At a glance, this sounds like just another zombie movie with some sort of catchy hook to it. Honestly, that's what I expected when I picked this one up, but what I wound up with was something altogether different. Yes, there are some zombies (well, they're called ghouls, but there's a saying about quacking ducks that applies here), and yes, there is some nasty gore sequences complete with entrails and organs, but this is not your typical zombie film. The main emphasis is on Eric and how he will do anything for a buck, and there's also something to be said about the ghouls themselves. The ghouls, in this sense, aren't necessarily the ones who are eating human flesh; no, the people who profit off of the misery and suffering of others are the real ghouls, and to an extent, so are we for watching it every night on the news. It's an interesting spin on the tried-and-true zombie tale, and on paper, it may not sound like the greatest way to spend an evening in front of the tube, but Ferrin did an excellent job with the material and the result is one very entertaining film.

During the intro for this review, I mentioned that I usually expect the acting abilities of the cast to suck in films like these. Normally, an inexperienced director will want to put together something to slap on his or her resumé, and considering that horror films are the easiest to make (note I said horror films, not good horror films) and also taking into account that zombie films happen to be one of the easier subgenres to tackle when working with little to no budget, well... it goes without saying that there's a lot of crap out there. Because of this, these films typically feature inexperienced actors - usually friends and family of the director - and the result is a bunch of idiots who do nothing more than feed the zombies / monsters / vampires / serial killer at hand. That wasn't the case here.

Timothy Muskatell is the star of the film, and not just in the traditional sense of "he has the most screen time." Everything centers around him and his decisions, and he handles this role with ease. He handles the transitions from depressed to angry to drunk to pitiful and every combination of the above flawlessly, and you really start to feel for the character that he plays. You may not like him - he's certainly not a saint - but you will feel for him as things move along.
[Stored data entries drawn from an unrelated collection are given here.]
theorem corollary3p3:
  fixes r :: "nat rel"
  assumes "countable_ordinal r" and "ord_ge_two r"
  shows "((\<exists>\<psi> :: 'a::polish_space set \<Rightarrow> 'a set.
              monotone_hull_op meager_ideal \<psi> \<and> K_valued (borel_Sigma r) meager_ideal \<psi>)
          \<longrightarrow> (\<forall>r'. ord_is_succ r' r \<longrightarrow>
               (\<exists>\<phi> :: 'a set \<Rightarrow> 'a set.
                  monotone_hull_op Baire_sets \<phi> \<and> K_valued (borel_Pi r') Baire_sets \<phi>)))
       \<and> ((\<exists>\<psi> :: 'a::polish_space set \<Rightarrow> 'a set.
              monotone_hull_op meager_ideal \<psi> \<and> K_valued (borel_Pi r) meager_ideal \<psi>)
          \<longrightarrow> (\<exists>\<phi> :: 'a set \<Rightarrow> 'a set.
                  monotone_hull_op Baire_sets \<phi> \<and> K_valued (borel_Pi r) Baire_sets \<phi>))"
proof -
  have wo: "Well_order r" using assms(1) by (simp add: countable_ordinal_def)
  show ?thesis
  proof (intro conjI impI allI; elim exE conjE)
    fix r' and \<psi> :: "'a set \<Rightarrow> 'a set"
    assume "ord_is_succ r' r" "monotone_hull_op meager_ideal \<psi>"
      "K_valued (borel_Sigma r) meager_ideal \<psi>"
    then show "\<exists>\<phi> :: 'a set \<Rightarrow> 'a set. monotone_hull_op Baire_sets \<phi> \<and> K_valued (borel_Pi r') Baire_sets \<phi>"
      using baire_hull_borel_Pi_succ[OF wo assms(2)] borel_Pi_imp_borel
      by (intro ex_monotone_hull_op_Baire_sets) blast+
  next
    fix \<psi> :: "'a set \<Rightarrow> 'a set"
    assume "monotone_hull_op meager_ideal \<psi>" "K_valued (borel_Pi r) meager_ideal \<psi>"
    then show "\<exists>\<phi> :: 'a set \<Rightarrow> 'a set. monotone_hull_op Baire_sets \<phi> \<and> K_valued (borel_Pi r) Baire_sets \<phi>"
      using baire_hull_borel_Pi[OF wo assms(2)] borel_Pi_imp_borel
      by (intro ex_monotone_hull_op_Baire_sets) blast+
  qed
qed

end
Trent Haaga also shows up, a man that some of you may have seen in various other low-budget movies (he's been in quite a few). He doesn't get a whole lot of screen time, but he's highly enjoyable (as always) when he does get some time to shine. Finally, there's Joseph Pilato (the ever-lovable Rhodes from Day of the Dead), turning in the role of an asshole boss which isn't quite as venomous as his character in Day, but fans of the Romero series will definitely get a kick out of seeing him spewing insults and obscenities at someone once again.

If you're interested in a zombie film that does things a little differently and shys away from the massive body count in favor of an intriguing storyline, pick this one up. It's definitely not what I expected, but sometimes, that is a very good thing. 8/10.
Recommended Movies
Easter Bunny, Kill! Kill! Unspeakable Zombiegeddon Deadgirl Dead & Rotting Die And Let Live Zombies! Zombies! Zombies! Slices
Christopher #1: Christopher - added 11/26/2006, 04:59 AM
Same fellow directed another film called Unspeakable. Which is a much better film as long as you ignore the ending. Not to say it's a weak ending, you just wouldn't appreciate it that much.
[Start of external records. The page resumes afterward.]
(* Let $\eta_w>0$, $\lambda\in[0,1]$, and let $\theta_1,\dots,\theta_T\in\Theta$ satisfy $\theta_{t+1}=\arg\min_{\theta\in\Theta}\{\eta_w\langle\tilde g_t,\theta-\theta_t\rangle+\frac12\|\theta-\theta_t\|_2^2\}$ with $\tilde g_t=\nabla\ell(\theta_t,z_t)$ for some samples $z_t\in\mathcal Z$. If $S$ is a $0.4\lambda$-dominant set at $\theta_t$ for some $t\in[T]$, then for any non-negative integer $\sigma'\le\min\{\lfloor\frac{0.1\lambda}{\eta_wG^2}\rfloor,T-t\}$, $S$ is also a $0.2\lambda$-dominant set at $\theta_{t+\sigma'}$.
   Context: $\Theta\subset\mathbb{R}^n$ is compact and convex; $\ell:\Theta\times\mathcal Z\to[0,1]$ is convex and $G$-Lipschitz in its first argument (so its (sub)gradients in $\theta$ have $\ell_2$-norm at most $G$); $\mathcal P_1,\dots,\mathcal P_K$ are distributions on $\mathcal Z$ and $R_i(\theta)=\mathbb E_{z\sim\mathcal P_i}\ell(\theta,z)$. For $\mu\ge0$, a nonempty $S\subseteq[K]$ is $\mu$-dominant at $\theta$ if $\min_{i\in S}R_i(\theta)\ge R_j(\theta)+\mu$ for all $j\in[K]\setminus S$. *)

theory Defs
  imports "HOL-Probability.Probability"
begin

definition risk :: "(nat \<Rightarrow> 'z measure) \<Rightarrow> ('a \<Rightarrow> 'z \<Rightarrow> real) \<Rightarrow> nat \<Rightarrow> 'a \<Rightarrow> real" where
  "risk P loss i \<theta> = integral\<^sup>L (P i) (\<lambda>z. loss \<theta> z)"

definition dominant :: "(nat \<Rightarrow> 'a \<Rightarrow> real) \<Rightarrow> nat \<Rightarrow> real \<Rightarrow> nat set \<Rightarrow> 'a \<Rightarrow> bool" where
  "dominant R K \<mu> S \<theta> \<longleftrightarrow> S \<noteq> {} \<and> S \<subseteq> {1..K} \<and>
     (\<forall>j\<in>{1..K} - S. Min ((\<lambda>i. R i \<theta>) ` S) \<ge> R j \<theta> + \<mu>)"

definition is_subgradient :: "'a::real_inner set \<Rightarrow> ('a \<Rightarrow> real) \<Rightarrow> 'a \<Rightarrow> 'a \<Rightarrow> bool" where
  "is_subgradient D f x g \<longleftrightarrow> (\<forall>y\<in>D. f y \<ge> f x + g \<bullet> (y - x))"

end

theory Submission
  imports Defs
begin

text \<open>Completing the square, each step is the Euclidean projection of \<open>\<theta>\<^sub>t - \<eta>\<^sub>w g\<^sub>t\<close>
  onto \<open>\<Theta>\<close>. Testing the obtuse-angle property of the projection against \<open>\<theta>\<^sub>t \<in> \<Theta>\<close>
  gives \<open>\<parallel>\<theta>\<^sub>t\<^sub>+\<^sub>1 - \<theta>\<^sub>t\<parallel>\<^sup>2 \<le> \<eta>\<^sub>w \<langle>g\<^sub>t, \<theta>\<^sub>t - \<theta>\<^sub>t\<^sub>+\<^sub>1\<rangle>\<close>, so each step moves by at most
  \<open>\<eta>\<^sub>w G\<close> and \<open>\<sigma>'\<close> steps by at most \<open>\<sigma>' \<eta>\<^sub>w G \<le> 0.1 \<lambda> / G\<close>. Every risk \<open>R\<^sub>i\<close> is
  \<open>G\<close>-Lipschitz, hence changes by at most \<open>0.1 \<lambda>\<close>, and a dominance gap shrinks by at most
  twice that.\<close>

lemma prox_step_objective_eq:
  fixes x g \<theta> :: "'a::real_inner"
  shows "e * (g \<bullet> (\<theta> - x)) + 1/2 * (norm (\<theta> - x))\<^sup>2
    = 1/2 * (dist (x - e *\<^sub>R g) \<theta>)\<^sup>2 - 1/2 * e\<^sup>2 * (norm g)\<^sup>2"
  unfolding dist_norm power2_norm_eq_inner
  by (simp add: inner_commute algebra_simps power2_eq_square)

lemma is_arg_min_prox_step_closest:
  fixes x g y :: "'a::real_inner"
  assumes "is_arg_min (\<lambda>\<theta>. e * (g \<bullet> (\<theta> - x)) + 1/2 * (norm (\<theta> - x))\<^sup>2) (\<lambda>\<theta>. \<theta> \<in> D) y"
  shows "y \<in> D" "\<forall>z\<in>D. dist (x - e *\<^sub>R g) y \<le> dist (x - e *\<^sub>R g) z"
proof -
  show "y \<in> D" using assms by (simp add: is_arg_min_def)
  show "\<forall>z\<in>D. dist (x - e *\<^sub>R g) y \<le> dist (x - e *\<^sub>R g) z"
  proof
    fix z assume "z \<in> D"
    then have "e * (g \<bullet> (y - x)) + 1/2 * (norm (y - x))\<^sup>2 \<le> e * (g \<bullet> (z - x)) + 1/2 * (norm (z - x))\<^sup>2"
      using assms by (auto simp: is_arg_min_def not_less)
    then have "(dist (x - e *\<^sub>R g) y)\<^sup>2 \<le> (dist (x - e *\<^sub>R g) z)\<^sup>2"
      unfolding prox_step_objective_eq by simp
    then show "dist (x - e *\<^sub>R g) y \<le> dist (x - e *\<^sub>R g) z"
      by (simp add: power2_le_iff_abs_le)
  qed
qed

lemma prox_step_norm_le:
  fixes x g y :: "'a::real_inner"
  assumes "convex D" "closed D" "x \<in> D"
    and "is_arg_min (\<lambda>\<theta>. e * (g \<bullet> (\<theta> - x)) + 1/2 * (norm (\<theta> - x))\<^sup>2) (\<lambda>\<theta>. \<theta> \<in> D) y"
  shows "norm (y - x) \<le> \<bar>e\<bar> * norm g"
proof -
  note closest = is_arg_min_prox_step_closest[OF assms(4)]
  have "(x - e *\<^sub>R g - y) \<bullet> (x - y) \<le> 0"
    using any_closest_point_dot[OF assms(1,2) closest(1) assms(3) closest(2)] .
  then have "(norm (y - x))\<^sup>2 \<le> e * (g \<bullet> (x - y))"
    by (simp add: power2_norm_eq_inner inner_diff_left inner_diff_right inner_commute
        algebra_simps)
  also have "\<dots> \<le> \<bar>e\<bar> * \<bar>g \<bullet> (x - y)\<bar>"
    by (metis abs_ge_self abs_mult)
  also have "\<dots> \<le> \<bar>e\<bar> * norm g * norm (y - x)"
    using Cauchy_Schwarz_ineq2[of g "x - y"]
    by (simp add: mult.assoc mult_left_mono norm_minus_commute)
  finally show ?thesis
    by (cases "norm (y - x) = 0") (simp_all add: power2_eq_square)
qed

lemma norm_diff_le_steps:
  fixes f :: "nat \<Rightarrow> 'a::real_normed_vector"
  assumes "\<And>s. t \<le> s \<Longrightarrow> s < t + k \<Longrightarrow> norm (f (Suc s) - f s) \<le> c"
  shows "norm (f (t + k) - f t) \<le> real k * c"
  using assms
proof (induction k)
  case 0
  then show ?case by simp
next
  case (Suc k)
  have "norm (f (t + Suc k) - f t) \<le> norm (f (Suc (t + k)) - f (t + k)) + norm (f (t + k) - f t)"
    using norm_triangle_ineq[of "f (Suc (t + k)) - f (t + k)" "f (t + k) - f t"] by simp
  also have "\<dots> \<le> c + real k * c"
    using Suc by (intro add_mono) auto
  finally show ?case by (simp add: algebra_simps)
qed

lemma prox_iterates_drift_le:
  fixes \<theta>s g :: "nat \<Rightarrow> 'a::real_inner"
  assumes "convex D" "closed D" "0 \<le> \<eta>"
    and "\<And>s. t \<le> s \<Longrightarrow> s < t + k \<Longrightarrow> \<theta>s s \<in> D"
    and "\<And>s. t \<le> s \<Longrightarrow> s < t + k \<Longrightarrow> norm (g s) \<le> G"
    and "\<And>s. t \<le> s \<Longrightarrow> s < t + k \<Longrightarrow> is_arg_min
      (\<lambda>\<theta>. \<eta> * (g s \<bullet> (\<theta> - \<theta>s s)) + 1/2 * (norm (\<theta> - \<theta>s s))\<^sup>2) (\<lambda>\<theta>. \<theta> \<in> D) (\<theta>s (Suc s))"
  shows "norm (\<theta>s (t + k) - \<theta>s t) \<le> real k * (\<eta> * G)"
proof (rule norm_diff_le_steps)
  fix s assume s: "t \<le> s" "s < t + k"
  have "norm (\<theta>s (Suc s) - \<theta>s s) \<le> \<bar>\<eta>\<bar> * norm (g s)"
    using s assms by (intro prox_step_norm_le) auto
  also have "\<dots> \<le> \<eta> * G"
    using s assms by (auto intro!: mult_left_mono)
  finally show "norm (\<theta>s (Suc s) - \<theta>s s) \<le> \<eta> * G" .
qed

lemma (in prob_space) lipschitz_on_expectation:
  fixes f :: "'b::metric_space \<Rightarrow> 'a \<Rightarrow> real"
  assumes "\<And>\<theta>. \<theta> \<in> U \<Longrightarrow> integrable M (f \<theta>)"
    and "\<And>z. C-lipschitz_on U (\<lambda>\<theta>. f \<theta> z)"
  shows "C-lipschitz_on U (\<lambda>\<theta>. expectation (f \<theta>))"
proof (rule lipschitz_onI)
  show "0 \<le> C" using assms(2) lipschitz_on_nonneg by blast
  fix \<theta> \<theta>' assume \<theta>: "\<theta> \<in> U" "\<theta>' \<in> U"
  have "dist (expectation (f \<theta>)) (expectation (f \<theta>')) = \<bar>expectation (\<lambda>z. f \<theta> z - f \<theta>' z)\<bar>"
    using \<theta> assms(1) by (simp add: dist_real_def)
  also have "\<dots> \<le> expectation (\<lambda>z. \<bar>f \<theta> z - f \<theta>' z\<bar>)"
    using integral_norm_bound[of M "\<lambda>z. f \<theta> z - f \<theta>' z"] by simp
  also have "\<dots> \<le> expectation (\<lambda>z. C * dist \<theta> \<theta>')"
    using \<theta> assms lipschitz_onD[OF assms(2)]
    by (intro integral_mono) (auto simp: dist_real_def)
  also have "\<dots> = C * dist \<theta> \<theta>'"
    by (simp add: prob_space)
  finally show "dist (expectation (f \<theta>)) (expectation (f \<theta>')) \<le> C * dist \<theta> \<theta>'" .
qed

lemma risk_lipschitz_on:
  assumes "prob_space (P i)"
    and "\<forall>\<theta>\<in>D. loss \<theta> \<in> borel_measurable (P i)"
    and "\<forall>\<theta>\<in>D. \<forall>z. \<bar>loss \<theta> z\<bar> \<le> B"
    and "\<forall>z. C-lipschitz_on D (\<lambda>\<theta>. loss \<theta> z)"
  shows "C-lipschitz_on D (risk P loss i)"
proof -
  interpret prob_space "P i" by fact
  show ?thesis
    unfolding risk_def using assms(2-4)
    by (intro lipschitz_on_expectation integrable_const_bound[where B = B]) auto
qed

lemma dominant_perturb:
  assumes "dominant R K \<mu> S \<theta>"
    and "\<And>i. i \<in> {1..K} \<Longrightarrow> \<bar>R i \<theta>' - R i \<theta>\<bar> \<le> \<delta>"
    and "\<mu>' + 2 * \<delta> \<le> \<mu>"
  shows "dominant R K \<mu>' S \<theta>'"
  unfolding dominant_def
proof (intro conjI ballI)
  show S: "S \<noteq> {}" "S \<subseteq> {1..K}"
    using assms(1) by (simp_all add: dominant_def)
  then have "finite S" by (simp add: finite_subset)
  fix j assume j: "j \<in> {1..K} - S"
  have gap: "Min ((\<lambda>i. R i \<theta>) ` S) \<ge> R j \<theta> + \<mu>"
    using assms(1) j by (simp add: dominant_def)
  have "R j \<theta>' + \<mu>' \<le> R i \<theta>'" if "i \<in> S" for i
  proof -
    have "Min ((\<lambda>i. R i \<theta>) ` S) \<le> R i \<theta>"
      using \<open>finite S\<close> that by simp
    moreover have "\<bar>R i \<theta>' - R i \<theta>\<bar> \<le> \<delta>" "\<bar>R j \<theta>' - R j \<theta>\<bar> \<le> \<delta>"
      using assms(2) S that j by auto
    ultimately show ?thesis
      using gap assms(3) by linarith
  qed
  then show "Min ((\<lambda>i. R i \<theta>') ` S) \<ge> R j \<theta>' + \<mu>'"
    using \<open>finite S\<close> S by simp
qed

theorem lemmaC3:
  fixes \<Theta> :: "'a::euclidean_space set"
    and loss :: "'a \<Rightarrow> 'z \<Rightarrow> real"
    and grad :: "'a \<Rightarrow> 'z \<Rightarrow> 'a"
    and G :: real
    and K :: nat
    and P :: "nat \<Rightarrow> 'z measure"
    and \<eta>w lam :: real
    and T t \<sigma>' :: nat
    and \<theta>s :: "nat \<Rightarrow> 'a"
    and zs :: "nat \<Rightarrow> 'z"
    and S :: "nat set"
  assumes Theta_compact: "compact \<Theta>" and Theta_convex: "convex \<Theta>"
    and loss_range: "\<forall>\<theta>\<in>\<Theta>. \<forall>z. 0 \<le> loss \<theta> z \<and> loss \<theta> z \<le> 1"
    and loss_convex: "\<forall>z. convex_on \<Theta> (\<lambda>\<theta>. loss \<theta> z)"
    and G_pos: "G > 0"
    and loss_lipschitz: "\<forall>z. G-lipschitz_on \<Theta> (\<lambda>\<theta>. loss \<theta> z)"
    and grad_subgrad: "\<forall>\<theta>\<in>\<Theta>. \<forall>z. is_subgradient \<Theta> (\<lambda>\<theta>'. loss \<theta>' z) \<theta> (grad \<theta> z)"
    and grad_bound: "\<forall>\<theta>\<in>\<Theta>. \<forall>z. norm (grad \<theta> z) \<le> G"
    and P_prob: "\<forall>i\<in>{1..K}. prob_space (P i)"
    and loss_meas: "\<forall>i\<in>{1..K}. \<forall>\<theta>\<in>\<Theta>. (\<lambda>z. loss \<theta> z) \<in> borel_measurable (P i)"
    and eta_pos: "\<eta>w > 0"
    and lambda_range: "0 \<le> lam" "lam \<le> 1"
    and iter_in: "\<forall>s\<in>{1..T}. \<theta>s s \<in> \<Theta>"
    and iter_step: "\<forall>s\<in>{1..<T}. is_arg_min
        (\<lambda>\<theta>. \<eta>w * (grad (\<theta>s s) (zs s) \<bullet> (\<theta> - \<theta>s s)) + 1/2 * (norm (\<theta> - \<theta>s s))\<^sup>2)
        (\<lambda>\<theta>. \<theta> \<in> \<Theta>) (\<theta>s (Suc s))"
    and t_range: "1 \<le> t" "t \<le> T"
    and S_dom: "dominant (risk P loss) K (0.4 * lam) S (\<theta>s t)"
    and sigma_le1: "int \<sigma>' \<le> \<lfloor>0.1 * lam / (\<eta>w * G\<^sup>2)\<rfloor>"
    and sigma_le2: "\<sigma>' \<le> T - t"
  shows "dominant (risk P loss) K (0.2 * lam) S (\<theta>s (t + \<sigma>'))"
proof -
  have iter_mem: "\<theta>s s \<in> \<Theta>" if "t \<le> s" "s \<le> t + \<sigma>'" for s
    using that t_range sigma_le2 iter_in by auto
  have "G * dist (\<theta>s (t + \<sigma>')) (\<theta>s t) \<le> G * (real \<sigma>' * (\<eta>w * G))"
    unfolding dist_norm
    using G_pos Theta_convex compact_imp_closed[OF Theta_compact] eta_pos iter_mem grad_bound
      iter_step t_range sigma_le2
    by (intro mult_left_mono prox_iterates_drift_le[where g = "\<lambda>s. grad (\<theta>s s) (zs s)"]) auto
  also have "\<dots> \<le> 0.1 * lam"
    using sigma_le1 eta_pos G_pos by (simp add: le_floor_iff field_simps power2_eq_square)
  finally have drift: "G * dist (\<theta>s (t + \<sigma>')) (\<theta>s t) \<le> 0.1 * lam" .
  have "\<bar>risk P loss i (\<theta>s (t + \<sigma>')) - risk P loss i (\<theta>s t)\<bar> \<le> 0.1 * lam"
    if "i \<in> {1..K}" for i
  proof -
    have "G-lipschitz_on \<Theta> (risk P loss i)"
      using that P_prob loss_meas loss_range loss_lipschitz
      by (intro risk_lipschitz_on[where B = 1]) auto
    then have "dist (risk P loss i (\<theta>s (t + \<sigma>'))) (risk P loss i (\<theta>s t))
        \<le> G * dist (\<theta>s (t + \<sigma>')) (\<theta>s t)"
      using iter_mem by (intro lipschitz_onD) auto
    then show ?thesis
      using drift by (simp add: dist_real_def)
  qed
  moreover have "0.2 * lam + 2 * (0.1 * lam) \<le> 0.4 * lam"
    by simp
  ultimately show ?thesis
    by (rule dominant_perturb[OF S_dom])
qed

end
Chad #2: Chad - added 11/26/2006, 02:20 PM
Got that one all Netflix'd up via the Troma Triple B-Header: Vol. 3 set.
Ginose #3: Ginose - added 03/12/2007, 08:51 PM
Chad Ferrin is one of the most talented directors riding the indie circuit. I own both "Unspeakable" and "The Ghouls" and I love 'em both so much... I really need to see "Easter Bunny, Kill! Kill!" as soon as possible.
Ferrin's got a really distinct directing style... that aqnd he doesn't care who he offends... gotta love that in a director.